Леонид Ростов: У нас в студии находится журналист Виктор Перельман. До выезда из Советского Союза в январе 73-го года Виктор Перельман работал заведующим отделом информации в “Литературной газете”. Кроме того, он выполнял специальные поручения редакции, то есть был специальным корреспондентом “Литературной газеты” по ряду вопросов. В связи с этим, Виктор, мне и хочется задать вам конкретный вопрос. Насколько мне помнится, вы были участником дискуссии на страницах “Литературной газеты” о паспортном положении, я бы сказал, паспортном статусе лиц, недавно освобожденных из мест заключения. Сейчас в Советском Союзе издано новое положение о паспортной системе. Что вы можете нам сказать по этому поводу? Насколько мне известно, вы с этим документом уже знакомы, поскольку он продолжает тему, которой вы занимались, находясь в Советском Союзе.

Виктор Перельман: Мне кажется, что новое положение о паспортах, которое издано в Советском Союзе, мало меняет, а по сути дела вообще не меняет той ситуации, в которой находились и находятся лица освободившиеся из заключения. По существу введены только чисто технические изменения: раньше люди получали паспорта, выйдя из лагеря, на основании справки, теперь им возвращаются старые паспорта. Мы же говорили в “Литературной газете”, и в этом суть вопроса, о положении людей, о юридическом, если хотите, о гражданском положении людей, вышедших из лагерей. Это была тогда, как мне помнится, конференция людей, освободившихся из лагеря, давно вставших, как говорят в Советском Союзе, на трудовой честный путь, но решивших поделиться о тех трудностях, с которыми встречались выйдя из мест заключения.
Я думаю, что не преувеличиваю, если скажу, что эти лица, а их десятки, может быть сотни тысяч, оказываются в трагической ситуации. Они по существу лишены возможности возвратиться в общество, у них нет права проживать во многих десятках городов Советского Союза, существует так называемый “101 километр”, за пределы которого эти лица не могут выезжать.

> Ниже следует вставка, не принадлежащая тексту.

lemma Dz_constraint1_tendsto:
  "((\<lambda>y. cmod (Complex x0 y * (\<Sum>k=1..n-1. complex_of_real (t k) *
       (Complex x0 y ^ k - complex_of_real (Im (Complex x0 y ^ (k+1)) / Im (Complex x0 y))))))
     \<longlongrightarrow> \<bar>\<Sum>k=1..n-1. real k * t k * x0 ^ (k+1)\<bar>) (at 0)"
proof -
  let ?Z = "\<lambda>y. Complex x0 y"
  have "((\<lambda>y. cmod (?Z y * (\<Sum>k=1..n-1. complex_of_real (t k) * (?Z y ^ k - pow_quot k (?Z y) (cnj (?Z y))))))
     \<longlongrightarrow> cmod (of_real x0 * (\<Sum>k=1..n-1. complex_of_real (t k) *
              (of_real x0 ^ k - pow_quot k (of_real x0) (of_real x0))))) (at 0)"
    by (intro tendsto_intros Complex_tendsto_real cnj_Complex_tendsto_real)
  also have "of_real x0 * (\<Sum>k=1..n-1. complex_of_real (t k) *
              (of_real x0 ^ k - pow_quot k (of_real x0) (of_real x0)))
           = complex_of_real (- (\<Sum>k=1..n-1. real k * t k * x0 ^ (k+1)))"
    by (simp add: pow_quot_diag sum_distrib_left sum_negf[symmetric] del: of_nat_Suc)
       (intro sum.cong refl, simp add: algebra_simps)
  also have "cmod (complex_of_real (- (\<Sum>k=1..n-1. real k * t k * x0 ^ (k+1))))
           = \<bar>\<Sum>k=1..n-1. real k * t k * x0 ^ (k+1)\<bar>"
    by (simp only: norm_of_real abs_minus_cancel)
  finally show ?thesis
  proof (rule Lim_transform_eventually[OF _ eventually_mono[OF eventually_Im_Complex_nonzero[of x0]]])
    fix y assume y: "Im (?Z y) \<noteq> 0"
    show "cmod (?Z y * (\<Sum>k=1..n-1. complex_of_real (t k) * (?Z y ^ k - pow_quot k (?Z y) (cnj (?Z y)))))
        = cmod (?Z y * (\<Sum>k=1..n-1. complex_of_real (t k) *
            (?Z y ^ k - complex_of_real (Im (?Z y ^ (k+1)) / Im (?Z y)))))"
      by (simp only: Im_power_quot[OF y])
  qed
qed

lemma Dz_constraint2_tendsto:
  "((\<lambda>y. \<bar>(1 / Im (Complex x0 y)) * (\<Sum>k=1..n-1. t k * Im (Complex x0 y ^ (k+1)))\<bar>)
     \<longlongrightarrow> \<bar>\<Sum>k=1..n-1. real (k+1) * t k * x0 ^ k\<bar>) (at 0)"
proof -
  let ?Z = "\<lambda>y. Complex x0 y"
  have "((\<lambda>y. \<bar>\<Sum>k=1..n-1. t k * Re (pow_quot k (?Z y) (cnj (?Z y)))\<bar>)
     \<longlongrightarrow> \<bar>\<Sum>k=1..n-1. t k * Re (pow_quot k (of_real x0) (of_real x0))\<bar>) (at 0)"
    by (intro tendsto_intros Complex_tendsto_real cnj_Complex_tendsto_real)
  also have "(\<Sum>k=1..n-1. t k * Re (pow_quot k (of_real x0) (of_real x0 :: complex)))
           = (\<Sum>k=1..n-1. real (k+1) * t k * x0 ^ k)"
    by (intro sum.cong refl) (simp add: pow_quot_diag del: of_nat_Suc)
  finally show ?thesis
  proof (rule Lim_transform_eventually[OF _ eventually_mono[OF eventually_Im_Complex_nonzero[of x0]]])
    fix y assume y: "Im (Complex x0 y) \<noteq> 0"
    have "Re (pow_quot k (?Z y) (cnj (?Z y))) = Im (?Z y ^ (k+1)) / Im (?Z y)" for k
      using arg_cong[OF Im_power_quot[OF y, of k], of Re] by simp
    then show "\<bar>\<Sum>k=1..n-1. t k * Re (pow_quot k (?Z y) (cnj (?Z y)))\<bar>
        = \<bar>(1 / Im (?Z y)) * (\<Sum>k=1..n-1. t k * Im (?Z y ^ (k+1)))\<bar>"
      by (simp add: sum_distrib_left)
  qed
qed

lemma indicator_Dz_eventually:
  assumes t: "t \<in> space (lebRn n)"
    and L1: "\<bar>\<Sum>k=1..n-1. real k * t k * x0 ^ (k+1)\<bar> \<noteq> 1"
    and L2: "\<bar>\<Sum>k=1..n-1. real (k+1) * t k * x0 ^ k\<bar> \<noteq> 1"
  shows "\<forall>\<^sub>F y in at 0. indicator (Dz n (Complex x0 y)) t = (indicator (Dtilde n x0) t :: real)"
  using eventually_le_iff_of_tendsto[OF Dz_constraint1_tendsto L1]
    eventually_le_iff_of_tendsto[OF Dz_constraint2_tendsto L2]
  by eventually_elim (simp add: Dz_def Dtilde_def t indicator_def)

lemma tendsto_quot2_sum_at_real:
  "((\<lambda>y. quot2_sum n t (Complex x0 y) (cnj (Complex x0 y))) \<longlongrightarrow> quot2_sum n t (of_real x0) (of_real x0)) (at 0)"
  unfolding quot2_sum_def by (intro tendsto_intros Complex_tendsto_real cnj_Complex_tendsto_real)

lemma psi_integrand_scaled_tendsto:
  assumes t: "t \<in> space (lebRn n)"
    and L1: "\<bar>\<Sum>k=1..n-1. real k * t k * x0 ^ (k+1)\<bar> \<noteq> 1"
    and L2: "\<bar>\<Sum>k=1..n-1. real (k+1) * t k * x0 ^ k\<bar> \<noteq> 1"
  shows "((\<lambda>y. psi_integrand n (Complex x0 y) t / y\<^sup>2) \<longlongrightarrow> A_integrand n x0 t) (at 0)"
proof -
  let ?Z = "\<lambda>y. Complex x0 y"
  have "((\<lambda>y. indicator (Dtilde n x0) t * (2 * cmod (quot2_sum n t (?Z y) (cnj (?Z y))))\<^sup>2)
      \<longlongrightarrow> indicator (Dtilde n x0) t * (2 * cmod (quot2_sum n t (of_real x0) (of_real x0)))\<^sup>2) (at 0)"
    by (intro tendsto_intros tendsto_quot2_sum_at_real)
  also have "2 * cmod (quot2_sum n t (of_real x0) (of_real x0))
           = cmod (2 * quot2_sum n t (of_real x0) (of_real x0))"
    by (simp add: norm_mult)
  also have "\<dots> = \<bar>\<Sum>k=1..n-1. real k * real (k+1) * t k * x0 ^ (k-1)\<bar>"
    by (simp only: quot2_sum_diag norm_of_real)
  finally show ?thesis
    unfolding A_integrand_def
  proof (rule Lim_transform_eventually)
    show "\<forall>\<^sub>F y in at 0. indicator (Dtilde n x0) t * (2 * cmod (quot2_sum n t (?Z y) (cnj (?Z y))))\<^sup>2
        = psi_integrand n (?Z y) t / y\<^sup>2"
      using eventually_Im_Complex_nonzero[of x0] indicator_Dz_eventually[OF t L1 L2]
    proof eventually_elim
      case (elim y)
      then show ?case
        using psi_integrand_scaled[of "?Z y" n t] by simp
    qed
  qed
qed

text \<open>The boundary hyperplanes are a null set (for \<open>x0 \<noteq> 0\<close> the
  coefficient of \<open>t_1\<close> is nonzero; for \<open>x0 = 0\<close> both sums
  vanish).\<close>

lemma AE_off_boundary:
  assumes "n \<ge> 2"
  shows "AE t in lebRn n. \<bar>\<Sum>k=1..n-1. real k * t k * x0 ^ (k+1)\<bar> \<noteq> 1
                         \<and> \<bar>\<Sum>k=1..n-1. real (k+1) * t k * x0 ^ k\<bar> \<noteq> 1"
proof (cases "x0 = 0")
  case True
  then show ?thesis by (auto intro!: sum.neutral)
next
  case False
  have one: "1 \<in> {1..n-1}" using assms by simp
  have e1: "(\<Sum>k=1..n-1. real k * t k * x0 ^ (k+1)) = (\<Sum>k\<in>{1..n-1}. (real k * x0 ^ (k+1)) * t k)"
    and e2: "(\<Sum>k=1..n-1. real (k+1) * t k * x0 ^ k) = (\<Sum>k\<in>{1..n-1}. (real (k+1) * x0 ^ k) * t k)"
    for t :: "nat \<Rightarrow> real" by (simp_all add: mult_ac)
  have "AE t in lebRn n. (\<Sum>k\<in>{1..n-1}. (real k * x0 ^ (k+1)) * t k) \<noteq> v"
    and "AE t in lebRn n. (\<Sum>k\<in>{1..n-1}. (real (k+1) * x0 ^ k) * t k) \<noteq> v" for v
    unfolding lebRn_def using False one by (intro AE_PiM_affine_neq[where i=1]; simp)+
  then have "AE t in lebRn n. (\<Sum>k\<in>{1..n-1}. (real k * x0 ^ (k+1)) * t k) \<noteq> 1
      \<and> (\<Sum>k\<in>{1..n-1}. (real k * x0 ^ (k+1)) * t k) \<noteq> -1
      \<and> (\<Sum>k\<in>{1..n-1}. (real (k+1) * x0 ^ k) * t k) \<noteq> 1
      \<and> (\<Sum>k\<in>{1..n-1}. (real (k+1) * x0 ^ k) * t k) \<noteq> -1"
    by (simp only: AE_conj_iff)
  then show ?thesis
    unfolding e1 e2 by eventually_elim (auto simp: abs_if)
qed

subsection \<open>Domination and convergence of the integrals\<close>

text \<open>For \<open>0 < |y| \<le> 1\<close> the rescaled integrand is bounded by a
  constant times the indicator of the unit cube, since the divided differences are
  continuous on the compact set \<open>|y| \<le> 1\<close>.\<close>

lemma psi_integrand_scaled_bound:
  obtains B :: real where
    "\<And>y t. y \<noteq> 0 \<Longrightarrow> \<bar>y\<bar> \<le> 1 \<Longrightarrow>
       \<bar>psi_integrand n (Complex x0 y) t / y\<^sup>2\<bar> \<le> B * indicator (PiE {1..n-1} (\<lambda>_. {-1..1})) t"
proof -
  define h where "h y = (\<Sum>k=1..n-1. cmod (pow_quot2 k (Complex x0 y) (cnj (Complex x0 y))))" for y
  have "continuous_on (cball 0 1) h"
    unfolding h_def pow_quot2_def pow_quot_def by (intro continuous_intros)
  then have "bounded (h ` cball 0 1)"
    by (intro compact_imp_bounded compact_continuous_image) simp_all
  then obtain C where "\<forall>v \<in> h ` cball 0 1. norm v \<le> C"
    unfolding bounded_iff by blast
  then have C: "\<And>y. y \<in> cball 0 1 \<Longrightarrow> \<bar>h y\<bar> \<le> C" by auto
  show ?thesis
  proof
    fix y :: real and t :: "nat \<Rightarrow> real"
    assume y: "y \<noteq> 0" "\<bar>y\<bar> \<le> 1"
    let ?q = "quot2_sum n t (Complex x0 y) (cnj (Complex x0 y))"
    have C_nonneg: "0 \<le> C" using C[of 0] by simp
    show "\<bar>psi_integrand n (Complex x0 y) t / y\<^sup>2\<bar> \<le> (2 * C)\<^sup>2 * indicator (PiE {1..n-1} (\<lambda>_. {-1..1})) t"
    proof (cases "t \<in> Dz n (Complex x0 y)")
      case False
      then show ?thesis using C_nonneg by (simp add: psi_integrand_def indicator_def)
    next
      case True
      then have box: "\<And>k. k \<in> {1..n-1} \<Longrightarrow> \<bar>t k\<bar> \<le> 1" by (simp add: Dz_def)
      have "cmod ?q \<le> (\<Sum>k=1..n-1. cmod (complex_of_real (t k) * pow_quot2 k (Complex x0 y) (cnj (Complex x0 y))))"
        unfolding quot2_sum_def by (rule norm_sum)
      also have "\<dots> \<le> h y"
        unfolding h_def using box by (intro sum_mono) (simp add: norm_mult mult_left_le_one_le)
      also have "\<dots> \<le> C" using C[of y] y by simp
      finally have "(2 * cmod ?q)\<^sup>2 \<le> (2 * C)\<^sup>2" by (intro power_mono) auto
      then show ?thesis
        using True Dz_subset_box[of n "Complex x0 y"] psi_integrand_scaled[of "Complex x0 y" n t] y
        by auto
    qed
  qed
qed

Они не могут вернуться в семью, не могут вернуться на старую работу, отцы не могут вернуться к детям, дети не могут вернуться в свои семьи. Когда они пытаются устроиться на работу там, где они жили раньше, им говорят: где ваша прописка? Когда они пытаются прописаться, у них требуют справку с места работы. Естественно, возникал вопрос: зачем, кому это нужно, для чего подвергать людей, которые уже отбыли наказание, вот этим тягостным мучениям?

Иван Толстой: В нашей программе участвует вдова Виктора Борисовича Алла.

Алла Перельман: Первое - это то, что он был очень предан своей работе, всегда для него самое главное была его работа, в данном случае его журнал - это было самое главное, все другое откладывалось ради журнала. Это я могу сказать твердо - это было его детище, и ради него он шел на любые условия.

Иван Толстой: Когда он решил эмигрировать и почему?

Алла Перельман: Идея эта появилась у него после событий в Чехословакии. Он был в командировке в Праге, до этого встречался с чешским журналистом, который бывал в гостях у нас, и затем они его пригласили в Чехословакию. Вернувшись из Чехословакии, буквально через неделю произошли эти события, когда танки советские вошли в Прагу. Это на него очень сильно подействовало. Мы были в гостях у родственников, у моей троюродной сестры художницы. Ее супруг возглавлял профсоюз художников. И когда мужчины стали говорить о политике и, конечно, обсуждался этот вопрос, Евгений стал защищать на стороне советской, он говорил: вот, неблагодарные, мы их освободили. Виктор сначала стал с ним ссориться, спорить, а затем вышел из другой комнаты и сказал: “Алла, мы уходим, мы больше в этот дом не придем”. Это произвело на него жуткое впечатление, ошеломляющее. И после этого у него сформировалось уже какое-то решение покончить с этим. Это был первый шаг, первая причина, которая сдвинула его сознание в сторону эмиграции.

Иван Толстой: Рассказ об эмигрантских годах продолжает друг Перельмана Ефим Маневич.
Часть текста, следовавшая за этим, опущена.